SimBioSys
- Company type: [Private]
- Industry: Life Sciences
- Founded: 2018
- Headquarters: Champaign, IL, USA
- Key people: Tushar Pandey, Chief Executive Officer
- Website: www.simbiosys.com

= Simbiosys =

SimBioSys (short for Simulated Biological Systems) is a technology company deploying a combination of artificial intelligence and biophysical simulations to improve the personalized and patient-specific understanding of cancer.

SimBioSys developed a simulation engine, TumorScope, which utilizes current standard of care diagnostic data (imaging & pathology) to create spatially resolved virtual replicas of an individual tumor and microenvironment and uses mechanistic models to incorporate the major hallmarks of cancer including drug sensitivity & delivery, metabolism, mechanical forces.
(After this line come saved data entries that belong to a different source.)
(* Let $C$ be an independent set of the Kneser graph of flags of type $\{2,3\}$ of $\mathrm{PG}(6,q)$ such that every plane and every solid of $\mathrm{PG}(6,q)$ occurs in at most $q+1$ flags of $C$. For a point $P$ let $\Delta_P(C)$ be the set of flags $(E,S)\in C$ with $P\in E$. Let $P_1,P_2,P_3$ be non-collinear points. (i) If $|\Delta_{P_1}(C)|>(q+1)(6q^6+10q^5+17q^4+15q^3+15q^2+9q+5)$, then there are flags $f_i=(E_i,S_i)\in C$, $i\in\{1,2,3\}$, with $\dim\langle E_1,E_2,E_3\rangle\ge 5$, $P_2,P_3\notin S_1,S_2,S_3$, and $E_i\cap E_j=P_1$ and $P_2,P_3\notin\langle E_i,E_j\rangle$ for all distinct $i,j$. (ii) If there are flags $f_1,f_2,f_3$ with the properties in (i) and $|\Delta_{P_2}(C)|>(q+1)(6q^6+10q^5+17q^4+18q^3+15q^2+9q+5)$, then there are flags $f_i'=(E_i',S_i')\in C$, $i\in\{1,2,3\}$, with $\dim\langle E_1',E_2',E_3'\rangle\ge 5$, $P_1,P_3\notin S_1',S_2',S_3'$, $\dim(S_i\cap S_j')\le 1$ for all $i,j\in\{1,2,3\}$, and $E_i'\cap E_j'=P_2$ and $P_1,P_3\notin\langle E_i',E_j'\rangle$ for all distinct $i,j$.
   Context: Dimensions are projective (points 0, planes 2, solids 3). A flag of type $\{2,3\}$ is a pair $(E,S)$ of a plane $E$ and a solid $S$ with $E\subseteq S$; in the Kneser graph distinct flags $(E,S),(E',S')$ are adjacent iff $E\cap S'=\emptyset$ and $E'\cap S=\emptyset$. $\langle\cdot\rangle$ denotes the span. *)

theory Defs
  imports "HOL-Analysis.Finite_Cartesian_Product" "HOL-Library.Numeral_Type"
begin

text \<open>The projective space PG(6,q) is modelled as the lattice of linear subspaces
of the 7-dimensional vector space V = F^7 over a finite field F with q = CARD(F) elements.\<close>

type_synonym 'a vec7 = "'a ^ 7"

definition sc :: "'a::field \<Rightarrow> 'a vec7 \<Rightarrow> 'a vec7" where
  "sc c x = (\<chi> i. c * x $ i)"

lemma vector_space_sc: "vector_space (sc :: 'a::field \<Rightarrow> 'a vec7 \<Rightarrow> 'a vec7)"
  by unfold_locales (simp_all add: sc_def vec_eq_iff algebra_simps)

definition lsub :: "'a::field vec7 set \<Rightarrow> bool" where
  "lsub W = module.subspace sc W"

definition lspan :: "'a::field vec7 set \<Rightarrow> 'a vec7 set" where
  "lspan A = module.span sc A"

definition pdim :: "'a::field vec7 set \<Rightarrow> int" where
  "pdim W = int (vector_space.dim sc W) - 1"

definition is_point :: "'a::field vec7 set \<Rightarrow> bool" where
  "is_point W \<longleftrightarrow> lsub W \<and> pdim W = 0"

definition is_plane :: "'a::field vec7 set \<Rightarrow> bool" where
  "is_plane W \<longleftrightarrow> lsub W \<and> pdim W = 2"

definition is_solid :: "'a::field vec7 set \<Rightarrow> bool" where
  "is_solid W \<longleftrightarrow> lsub W \<and> pdim W = 3"

text \<open>projectively empty intersection = trivial vector intersection\<close>
definition disjoint_proj :: "'a::field vec7 set \<Rightarrow> 'a vec7 set \<Rightarrow> bool" where
  "disjoint_proj A B \<longleftrightarrow> A \<inter> B = {0}"

definition is_flag :: "'a::field vec7 set \<times> 'a vec7 set \<Rightarrow> bool" where
  "is_flag f \<longleftrightarrow> is_plane (fst f) \<and> is_solid (snd f) \<and> fst f \<subseteq> snd f"

definition kneser_adj :: "'a::field vec7 set \<times> 'a vec7 set \<Rightarrow> 'a vec7 set \<times> 'a vec7 set \<Rightarrow> bool" where
  "kneser_adj f g \<longleftrightarrow> is_flag f \<and> is_flag g \<and> f \<noteq> g \<and>
     disjoint_proj (fst f) (snd g) \<and> disjoint_proj (fst g) (snd f)"

definition kneser_indep :: "('a::field vec7 set \<times> 'a vec7 set) set \<Rightarrow> bool" where
  "kneser_indep C \<longleftrightarrow> (\<forall>f\<in>C. is_flag f) \<and> (\<forall>f\<in>C. \<forall>g\<in>C. \<not> kneser_adj f g)"

definition Delta :: "'a::field vec7 set \<Rightarrow> ('a vec7 set \<times> 'a vec7 set) set
    \<Rightarrow> ('a vec7 set \<times> 'a vec7 set) set" where
  "Delta P C = {f \<in> C. P \<subseteq> fst f}"

definition good_triple :: "('a::field vec7 set \<times> 'a vec7 set) set \<Rightarrow> 'a vec7 set \<Rightarrow>
    'a vec7 set \<Rightarrow> 'a vec7 set \<Rightarrow> ('a vec7 set \<times> 'a vec7 set) \<Rightarrow>
    ('a vec7 set \<times> 'a vec7 set) \<Rightarrow> ('a vec7 set \<times> 'a vec7 set) \<Rightarrow> bool" where
  "good_triple C P Q R f1 f2 f3 \<longleftrightarrow>
     (let fs = [f1, f2, f3] in
       (\<forall>f\<in>set fs. f \<in> C) \<and>
       pdim (lspan (fst f1 \<union> fst f2 \<union> fst f3)) \<ge> 5 \<and>
       (\<forall>f\<in>set fs. \<not> Q \<subseteq> snd f \<and> \<not> R \<subseteq> snd f) \<and>
       (\<forall>i<3. \<forall>j<3. i \<noteq> j \<longrightarrow>
          fst (fs ! i) \<inter> fst (fs ! j) = P \<and>
          \<not> Q \<subseteq> lspan (fst (fs ! i) \<union> fst (fs ! j)) \<and>
          \<not> R \<subseteq> lspan (fst (fs ! i) \<union> fst (fs ! j))))"

end

theory Submission
  imports Defs "HOL-Analysis.Cartesian_Space"
begin

text \<open>Every plane and every solid lies in at most q + 1 flags of C, so excluding b planes and
  s solids excludes at most (q + 1)(b + s) flags; as soon as Delta P C is larger, some flag through P
  survives. The three flags are chosen greedily. Each of them avoids the solids through the lines PQ
  and PR (and, for part (ii), the at most q^3 solids through P2 that meet one of S1, S2, S3 in a
  plane). A later plane E avoids every plane containing a line through P of span (E' + Q) or
  span (E' + R) for the earlier planes E'; this forces E meet E' = P and Q, R outside span (E + E').
  The third plane also avoids the planes through P inside the 4-space spanned by the first two, which
  gives dimension 5 for the span of all three. The numbers of excluded subspaces are Gaussian
  binomial coefficients, obtained by counting ordered bases.\<close>

lemma sc_eq_scaleR: "sc = ((*s) :: 'a::field \<Rightarrow> 'a vec7 \<Rightarrow> 'a vec7)"
  by (intro ext) (simp add: sc_def vector_scalar_mult_def)

lemma lsub_iff: "lsub W \<longleftrightarrow> vec.subspace W"
  unfolding lsub_def sc_eq_scaleR ..

lemma lspan_eq: "lspan A = vec.span A"
  unfolding lspan_def sc_eq_scaleR ..

lemma pdim_eq: "pdim W = int (vec.dim W) - 1"
  unfolding pdim_def sc_eq_scaleR ..

lemma is_point_iff: "is_point W \<longleftrightarrow> vec.subspace W \<and> vec.dim W = 1"
  unfolding is_point_def lsub_iff pdim_eq by auto

lemma is_plane_iff: "is_plane W \<longleftrightarrow> vec.subspace W \<and> vec.dim W = 3"
  unfolding is_plane_def lsub_iff pdim_eq by auto

lemma is_solid_iff: "is_solid W \<longleftrightarrow> vec.subspace W \<and> vec.dim W = 4"
  unfolding is_solid_def lsub_iff pdim_eq by auto

lemma is_flag_iff:
  "is_flag f \<longleftrightarrow> vec.subspace (fst f) \<and> vec.dim (fst f) = 3 \<and>
     vec.subspace (snd f) \<and> vec.dim (snd f) = 4 \<and> fst f \<subseteq> snd f"
  unfolding is_flag_def is_plane_iff is_solid_iff by auto

lemma card_field_ge_2: "2 \<le> CARD('a::{field,finite})"
proof -
  have "card {0::'a, 1} \<le> CARD('a)" by (rule card_mono) auto
  then show ?thesis by simp
qed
The simulations enable precise & comprehensive predictions of response to therapy while providing researchers and clinicians keys insights into mechanisms of resistance. By virtualizing cancer, clinicians and patients are empowered with a better understanding of the disease and can assess all available options computationally to truly individualize treatment.
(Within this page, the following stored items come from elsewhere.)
(* Let $E\subset[0,1]$ with $[0,1]\setminus E$ finite. For each $n$ let $R_n$ be a random closed set with $R_n\subset\{0,\dots,n\}/n$ a.s., with i.i.d. copies $\{R_{n,j}\}_{j\in\mathbb N}$, and assume there is $c_0>0$ such that for every $G\in\mathcal G_0$ there is $C$ with $\max_{k/n\in G}\mathbb P(k/n\in R_n)\le Cn^{-c_0}$ for all $n$. Let $\{X_j\}$ be i.i.d., independent of all $R_{n,j}$, with $\mathbb P(|X_1|>x)=x^{-\alpha}L(x)$, $\alpha>0$, $L$ slowly varying, and $\mathbb P(X_1>x)/\mathbb P(|X_1|>x)\to\mathsf p\in(0,1]$; let $m_n$ be increasing positive integers with $m_n\to\infty$ and $a_n$ with $m_n\mathbb P(X_1>a_n)\to1$. Let $X_{1:m_n},\dots,X_{m_n:m_n}$ be the reordering of $X_1,\dots,X_{m_n}$ with $|X_{1:m_n}|\ge\dots\ge|X_{m_n:m_n}|$, $\sigma_n$ the permutation with $X_{\sigma_n(j)}=X_{j:m_n}$, $\hat R_{n,j}=R_{n,\sigma_n(j)}$ and $\hat J_{n,k}=\{j\le m_n: k/n\in\hat R_{n,j}\}$. Let $\gamma\in(0,c_0/\alpha)$, $\delta_n=n^{-\gamma}$ and $$Z_{n,\ell}(k)=\sum_{j\in\hat J_{n,k}\setminus[\ell]}X_{j:m_n}\mathbf 1\{|X_{j:m_n}|/a_n>\delta_n\}$$ (empty sum $=0$). Then $$\lim_{\ell\to\infty}\limsup_{n\to\infty}\mathbb P\Big(\frac1{a_n}\max_{k/n\in G}|Z_{n,\ell}(k)|>\epsilon\Big)=0\quad\text{for all }\epsilon>0,\ G\in\mathcal G_0.$$
   Context: $[\ell]=\{1,\dots,\ell\}$; $\mathcal G_0=\{(a,b):[a,b]\subset E\}$; the maximum is over $k\in\{0,\dots,n\}$ with $k/n\in G$. *)

theory Defs
  imports "HOL-Probability.Probability"
begin

text \<open>A subset R of the grid {0,...,n}/n is encoded by the set of integers k with k/n in R.\<close>
definition set_space :: "nat set measure" where
  "set_space = sigma UNIV (range (\<lambda>k. {A. k \<in> A}))"

definition slowly_varying :: "(real \<Rightarrow> real) \<Rightarrow> bool" where
  "slowly_varying L \<longleftrightarrow> (\<forall>\<^sub>F x in at_top. L x > 0) \<and>
     (\<forall>t>0. ((\<lambda>x. L (t * x) / L x) \<longlongrightarrow> 1) at_top)"

text \<open>The indices 1..m sorted so that |X_j| is non-increasing (stable: ties broken by index).\<close>
definition order_list :: "(nat \<Rightarrow> 'a \<Rightarrow> real) \<Rightarrow> nat \<Rightarrow> 'a \<Rightarrow> nat list" where
  "order_list X m \<omega> = sort_key (\<lambda>j. - \<bar>X j \<omega>\<bar>) [1..<Suc m]"

text \<open>sigma_n(j): the index with X_{sigma_n(j)} = X_{j:m}, for 1 <= j <= m.\<close>
definition order_perm :: "(nat \<Rightarrow> 'a \<Rightarrow> real) \<Rightarrow> nat \<Rightarrow> 'a \<Rightarrow> nat \<Rightarrow> nat" where
  "order_perm X m \<omega> j = order_list X m \<omega> ! (j - 1)"

definition Zsum :: "(nat \<Rightarrow> 'a \<Rightarrow> real) \<Rightarrow> (nat \<Rightarrow> nat \<Rightarrow> 'a \<Rightarrow> nat set) \<Rightarrow> (nat \<Rightarrow> nat)
    \<Rightarrow> (nat \<Rightarrow> real) \<Rightarrow> real \<Rightarrow> nat \<Rightarrow> nat \<Rightarrow> nat \<Rightarrow> 'a \<Rightarrow> real" where
  "Zsum X R m a \<gamma> n l k \<omega> =
    (let \<sigma> = order_perm X (m n) \<omega>;
         Jhat = {j \<in> {1..m n}. k \<in> R n (\<sigma> j) \<omega>}
     in \<Sum>j \<in> Jhat - {1..l}. X (\<sigma> j) \<omega> *
          (if \<bar>X (\<sigma> j) \<omega>\<bar> / a n > real n powr (-\<gamma>) then 1 else 0))"

end

theory Submission
  imports Defs "HOL-Real_Asymp.Real_Asymp"
begin

(*
  Let c = epsilon / r and delta_n = n powr (-gamma).  If at most l of the |X_i| exceed c a_n and,
  for every grid point k, fewer than r of the indices i with |X_i| > delta_n a_n have k in R_{n,i},
  then after discarding the l largest observations every |Z_{n,l}(k)| is at most
  (r - 1) c a_n <= epsilon a_n.  By independence and a union bound over index sets, the first
  condition fails with probability at most (m_n P(|X| > c a_n))^(l+1) / (l+1)!, which Potter's
  bound P(|X| > c a_n) <= K c^(-beta) P(|X| > a_n) keeps below Lambda^(l+1) / (l+1)! uniformly in n;
  the second fails at a fixed k with probability at most
  (m_n P(|X| > delta_n a_n) P(k in R_n))^r = O(n^(-r (c0 - gamma beta))).  Taking beta > alpha with
  gamma beta < c0 and r (c0 - gamma beta) > 1, the union over the n + 1 grid points vanishes as
  n tends to infinity, and Lambda^(l+1) / (l+1)! tends to 0 as l does.
*)

section \<open>Order statistics\<close>

lemma order_list:
  shows length_order_list: "length (order_list X m \<omega>) = m"
    and set_order_list: "set (order_list X m \<omega>) = {1..m}"
    and distinct_order_list: "distinct (order_list X m \<omega>)"
    and sorted_order_list: "sorted (map (\<lambda>j. - \<bar>X j \<omega>\<bar>) (order_list X m \<omega>))"
  unfolding order_list_def by (auto intro: sorted_sort_key)

lemma order_perm_mem: "j \<in> {1..m} \<Longrightarrow> order_perm X m \<omega> j \<in> {1..m}"
proof -
  assume "j \<in> {1..m}"
  then have "j - 1 < length (order_list X m \<omega>)"
    by (auto simp: length_order_list)
  then show ?thesis
    unfolding order_perm_def by (metis nth_mem set_order_list)
qed

lemma inj_on_order_perm: "inj_on (order_perm X m \<omega>) {1..m}"
  by (intro inj_onI)
    (auto simp: order_perm_def nth_eq_iff_index_eq distinct_order_list length_order_list)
In the crowded world of genomics, new approaches have many barriers to becoming a new standard of care. SimBioSys complements and/or supersedes current precision medicine techniques while only relying on readily available and previously acquired datasets.

==Products==
The first indication to market will be Early Stage Breast Cancer where there is significant opportunity to improve outcomes by selecting the right first line therapy while de-escalating care and lowering costs and side effects.
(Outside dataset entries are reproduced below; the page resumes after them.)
lemma contour_integral_jacobi_theta:
  assumes "Im t > 0"
  shows "contour_integral (linepath 0 1) (jacobi_theta t) = 1"
proof -
  define a where "a = (\<lambda>K u. ee (of_int K ^ 2 * t / 2 + of_int K * u))"
  define F where "F = finite_subsets_at_top (UNIV :: int set)"
  have cont: "continuous_on A (a K)" for A K
    unfolding a_def ee_def by (intro continuous_intros)
  have "uniform_limit (closed_segment 0 1) (\<lambda>X u. \<Sum>K\<in>X. a K u) (jacobi_theta t) F"
    unfolding F_def a_def
    by (rule uniform_limit_on_subset[OF jacobi_theta_uniform_limit[OF assms, of 1]])
       (auto simp: closed_segment_eq_real_ivl1 dest!: segment_bound1)
  hence "((\<lambda>X. contour_integral (linepath 0 1) (\<lambda>u. \<Sum>K\<in>X. a K u))
          \<longlongrightarrow> contour_integral (linepath 0 1) (jacobi_theta t)) F"
    by (intro contour_integral_uniform_limit(2))
       (auto simp: F_def intro!: always_eventually contour_integrable_continuous_linepath continuous_on_sum cont)
  moreover have "\<forall>\<^sub>F X in F. contour_integral (linepath 0 1) (\<lambda>u. \<Sum>K\<in>X. a K u) = 1"
    unfolding F_def eventually_finite_subsets_at_top
  proof (intro exI[of _ "{0}"] conjI allI impI)
    fix X :: "int set"
    assume X: "finite X \<and> {0} \<subseteq> X \<and> X \<subseteq> UNIV"
    hence "contour_integral (linepath 0 1) (\<lambda>u. \<Sum>K\<in>X. a K u) = (\<Sum>K\<in>X. of_bool (K = 0))"
      by (subst contour_integral_sum)
         (auto intro: contour_integrable_continuous_linepath cont[unfolded a_def]
            simp: a_def contour_integral_jacobi_theta_term)
    thus "contour_integral (linepath 0 1) (\<lambda>u. \<Sum>K\<in>X. a K u) = 1"
      using X by simp
  qed auto
  hence "((\<lambda>X. contour_integral (linepath 0 1) (\<lambda>u. \<Sum>K\<in>X. a K u)) \<longlongrightarrow> 1) F"
    by (rule tendsto_eventually)
  ultimately show ?thesis
    using tendsto_unique by (force simp: F_def)
qed

lemma jacobi_theta_not_constant:
  assumes "Im t > 0"
  shows "\<not> jacobi_theta t constant_on UNIV"
proof
  assume "jacobi_theta t constant_on UNIV"
  then obtain c where "\<And>u. jacobi_theta t u = c"
    unfolding constant_on_def by blast
  hence "jacobi_theta t = (\<lambda>_. 0)"
    using jacobi_theta_half_period[of t] by auto
  thus False
    using contour_integral_jacobi_theta[OF assms] by simp
qed

context
  fixes t :: complex
  assumes t: "Im t > 0"
begin

lemma has_field_derivative_jacobi_theta: "(jacobi_theta t has_field_derivative deriv (jacobi_theta t) x) (at x)"
  using holomorphic_derivI[OF holomorphic_jacobi_theta[OF t] open_UNIV UNIV_I] by simp

lemma deriv_jacobi_theta_add_of_int: "deriv (jacobi_theta t) (u + of_int m) = deriv (jacobi_theta t) u"
proof -
  note der = has_field_derivative_jacobi_theta
  have "((\<lambda>x. jacobi_theta t (x + of_int m)) has_field_derivative deriv (jacobi_theta t) (u + of_int m)) (at u)"
    using der[of "u + of_int m"] by (simp add: DERIV_shift)
  thus ?thesis
    using der[of u] DERIV_unique by (simp add: jacobi_theta_add_of_int)
qed

lemma deriv_jacobi_theta_add_period:
  "deriv (jacobi_theta t) (u + t)
     = ee (- u - t / 2) * (deriv (jacobi_theta t) u - 2 * of_real pi * \<i> * jacobi_theta t u)"
proof -
  note der = has_field_derivative_jacobi_theta
  have "((\<lambda>x. jacobi_theta t (x + t)) has_field_derivative deriv (jacobi_theta t) (u + t)) (at u)"
    using der[of "u + t"] by (simp add: DERIV_shift)
  moreover have "((\<lambda>x. ee (- x - t / 2) * jacobi_theta t x) has_field_derivative
      ee (- u - t / 2) * (deriv (jacobi_theta t) u - 2 * of_real pi * \<i> * jacobi_theta t u)) (at u)"
    unfolding ee_def by (auto intro!: derivative_eq_intros der[unfolded ee_def] simp: algebra_simps)
  ultimately show ?thesis
    using DERIV_unique by (simp add: jacobi_theta_add_period)
qed

lemma jacobi_theta_nonzero_on_rectpath:
  assumes re: "\<And>u. jacobi_theta t u = 0 \<Longrightarrow> Re u \<noteq> a"
    and im: "\<And>u. jacobi_theta t u = 0 \<Longrightarrow> Im u \<noteq> y"
    and z: "z \<in> path_image (rectpath (Complex a y) (Complex (a + 1) (y + Im t)))"
  shows "jacobi_theta t z \<noteq> 0"
proof
  assume "jacobi_theta t z = 0"
  \<comment> \<open>by periodicity, a zero on the right or top side would give one on the left or bottom side\<close>
  hence "jacobi_theta t (z + of_int (- 1)) = 0" "jacobi_theta t (z + of_int 0 + of_int (- 1) * t) = 0"
    by (simp_all only: jacobi_theta_add_of_int jacobi_theta_lattice_shift_eq_0_iff)
  thus False
    using z t re[of z] im[of z] re[of "z + of_int (- 1)"] im[of "z + of_int 0 + of_int (- 1) * t"]
      \<open>jacobi_theta t z = 0\<close> by (auto simp: path_image_rectpath)
qed

lemma jacobi_theta_zorder_sum_box:
  assumes re: "\<And>u. jacobi_theta t u = 0 \<Longrightarrow> Re u \<noteq> a"
    and im: "\<And>u. jacobi_theta t u = 0 \<Longrightarrow> Im u \<noteq> y"
  defines "Z \<equiv> {p\<in>box (Complex a y) (Complex (a + 1) (y + Im t)). jacobi_theta t p = 0}"
  shows "finite Z" and "(\<Sum>p\<in>Z. zorder (jacobi_theta t) p) = 1"
proof -
  let ?f = "jacobi_theta t"
  let ?R = "rectpath (Complex a y) (Complex (a + 1) (y + Im t))"
  define G where "G = (\<lambda>z. deriv ?f z / ?f z)"
  have le: "Re (Complex a y) \<le> Re (Complex (a + 1) (y + Im t))" "Im (Complex a y) \<le> Im (Complex (a + 1) (y + Im t))"
    using t by simp_all
  note AP = argument_principle_rectpath[OF holomorphic_jacobi_theta[OF t] jacobi_theta_not_constant[OF t] le
      jacobi_theta_nonzero_on_rectpath[OF re im]]
  show "finite Z"
    using AP(1) by (simp add: Z_def)
  have "continuous_on A ?f" "continuous_on A (deriv ?f)" for A
    using holomorphic_jacobi_theta[OF t] holomorphic_deriv[OF holomorphic_jacobi_theta[OF t] open_UNIV]
    by (auto intro: holomorphic_on_imp_continuous_on holomorphic_on_subset)
  hence "continuous_on ({z. Im z = y} \<union> path_image ?R) G"
    unfolding G_def using im jacobi_theta_nonzero_on_rectpath[OF re im] by (intro continuous_intros) auto
  moreover have "G (z + t) = G z + - 2 * of_real pi * \<i>" if "Im z = y" for z
  proof -
    have "?f z \<noteq> 0"
      using im[of z] that by auto
    thus ?thesis
      unfolding G_def jacobi_theta_add_period deriv_jacobi_theta_add_period by (simp add: field_simps)
  qed
  ultimately have "contour_integral ?R G = - (- 2 * of_real pi * \<i>)"
    by (intro contour_integral_rectpath_quasiperiodic)
       (simp_all add: G_def jacobi_theta_add_of_int deriv_jacobi_theta_add_of_int)
  hence "2 * pi * \<i> * (\<Sum>p\<in>Z. of_int (zorder ?f p)) = 2 * pi * \<i>"
    using AP(2) by (simp add: G_def Z_def)
  hence "(of_int (\<Sum>p\<in>Z. zorder ?f p) :: complex) = 1"
    by simp
  thus "(\<Sum>p\<in>Z. zorder ?f p) = 1"
    by (metis of_int_eq_1_iff)
qed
A retrospective study across 800 patients demonstrated volumetric errors under 4%. A recent pivotal study at University of Chicago, TumorScope™ produced 91% sensitivity and 93% specificity rates of predicting complete response to the physician's choice of therapy at the time of diagnosis. SimBioSys collaborates with over 130 oncologists across the country representing 16 premier cancer centers such University of Chicago, University of North Carolina, OHSU, among others.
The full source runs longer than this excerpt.